Looking for a quick and healthy breakfast option that is tasty at the same time? Then here is a unique cheela recipe that will become your absolute favourite. Ragi Cheela is a gluten-free meal option that is low on calories and is perfect for all those who are trying to lose weight. We have added some basic veggies like onion, tomato and capsicum to make it tastier. Pair up the cheela with a dip of your choice and enjoy. It tastes best with mint curd dip which is prepared by mixing 1/2 cup curd with 1 tbsp mint-coriander chutney, 1/4 tsp chaat masala and a pinch of salt. You can prepare this cheela for breakfast or even for a light dinner.

If you want to make the cheela protein-rich, then fill it with soya bhurji or paneer bhurji. Be it kids or adults, everyone will surely love this scrumptious recipe for sure. So, ditch the usual and boring breakfasts and try this nutritious meal once. Ragi is a good source of fibre, iron and calcium. It not only improves digestion but also makes bones and hair stronger. Do try this recipe, rate it and let us know how it turned out to be by leaving a comment in the section below. Happy Cooking!

How to make Ragi Cheela

Step 1 – Prepare the batter

In a bowl, add ragi flour, besan along with curd. Give a good mix. Now add finely chopped onion, tomato, capsicum and coriander leaves. Also add salt, black pepper powder, red chilli powder, dry mango powder, coriander powder and asafoetida. Add a little water if needed and mix everything well to prepare a medium-thick batter.

Step 2 – Make cheelas

Smear 1 tbsp oil on a non-stick pan. Pour 2-3 ladleful of batter and spread it gently to give it the shape of a cheela. Let it cook for about 5 minutes or until it holds shape. Now flip towards the other side and cook for 5 minutes.
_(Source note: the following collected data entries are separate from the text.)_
(* In the setting of the context, suppose every subcontroller is $u_i=\hat K_iR_i\begin{bmatrix} y_i\\ v_i\end{bmatrix}$ with $R_i=\begin{bmatrix} I&-G_{y_iv_i}\end{bmatrix}$ and $\hat K_i$ a stabilizing controller for $G_{y_iu_i}$, and let $\boldsymbol L$ be an interaction for which $\boldsymbol G_{\rm pre}$ is internally stable. Let $\delta\ge0$ satisfy $\|\boldsymbol G_{\boldsymbol{zv}}(I-\boldsymbol L\boldsymbol G_{\boldsymbol{wv}})^{-1}\boldsymbol L\|_\infty\le\delta$. If for each $i$ $$\|\hat M_{z_id_i}(\hat K_i)\|_\infty\le\alpha_i,\qquad \|\hat M_{w_id_i}(\hat K_i)\|_\infty\le\beta_i,$$ then the closed-loop map $\boldsymbol T_{\boldsymbol{zd}}:\boldsymbol d\mapsto\boldsymbol z$ of the entire network system satisfies $$\|\boldsymbol T_{\boldsymbol{zd}}\|_\infty\le\max_i\alpha_i+\delta\max_i\beta_i.$$
   Context: For $i=1,\dots,N$, subsystem $G_i$ is a proper real rational transfer matrix with inputs $(v_i,d_i,u_i)$ (interaction, disturbance, control) and outputs $(w_i,z_i,y_i)$ (interaction, evaluation, measurement), $G_{a_ib_i}$ the block from $b_i$ to $a_i$; $v_i$ is measurable. Stacked signals $\boldsymbol v=\mathrm{col}(v_1,\dots,v_N)$ etc.; interaction $\boldsymbol v=\boldsymbol L\boldsymbol w$, $\boldsymbol L$ proper real rational. $\boldsymbol G_{\boldsymbol{wv}}:=\mathrm{diag}(G_{w_iv_i})$, $\boldsymbol G_{\boldsymbol{zv}}:=\mathrm{diag}(G_{z_iv_i})$. The preexisting system $\boldsymbol G_{\rm pre}$ is the loop $\boldsymbol w=\boldsymbol G_{\boldsymbol{wv}}\boldsymbol v$, $\boldsymbol v=\boldsymbol L\boldsymbol w$. All feedback systems are well-posed. $\hat M_{z_id_i}(\hat K_i):=G_{z_id_i}+G_{z_iu_i}\hat K_i(I-G_{y_iu_i}\hat K_i)^{-1}G_{y_id_i}$, $\hat M_{w_id_i}(\hat K_i):=G_{w_id_i}+G_{w_iu_i}\hat K_i(I-G_{y_iu_i}\hat K_i)^{-1}G_{y_id_i}$. $\hat K_i$ is a stabilizing controller for $G_{y_iu_i}$ if the positive feedback loop $y_i=G_{y_iu_i}u_i$, $u_i=\hat K_iy_i$ is internally stable. $\|\cdot\|_\infty$ is the $\mathcal H_\infty$-norm. *)

theory Defs
  imports "HOL-Analysis.Analysis" "HOL-Computational_Algebra.Fraction_Field"
          "HOL-Computational_Algebra.Polynomial"
          "Jordan_Normal_Form.Gauss_Jordan_Elimination"
begin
Step 3 – Ready to be served

Once golden brown and crisp, it is ready to be served. Pair up with ketchup, curd mint dip etc and serve.

Ingredients of Ragi Cheela

  • 1 cup ragi flour
  • 1/2 teaspoon red chilli powder
  • 1/2 teaspoon dry mango powder
  • salt as required
  • 2 gm coriander leaves
  • 1/2 tomato
  • 2 tablespoon vegetable oil
  • 1/2 cup yoghurt (curd)
  • 1/2 teaspoon coriander powder
  • 1/4 teaspoon asafoetida
  • 1/4 teaspoon black pepper
  • 1/2 onion
  • 1/2 capsicum (green pepper)
  • 2 tablespoon gram flour (besan)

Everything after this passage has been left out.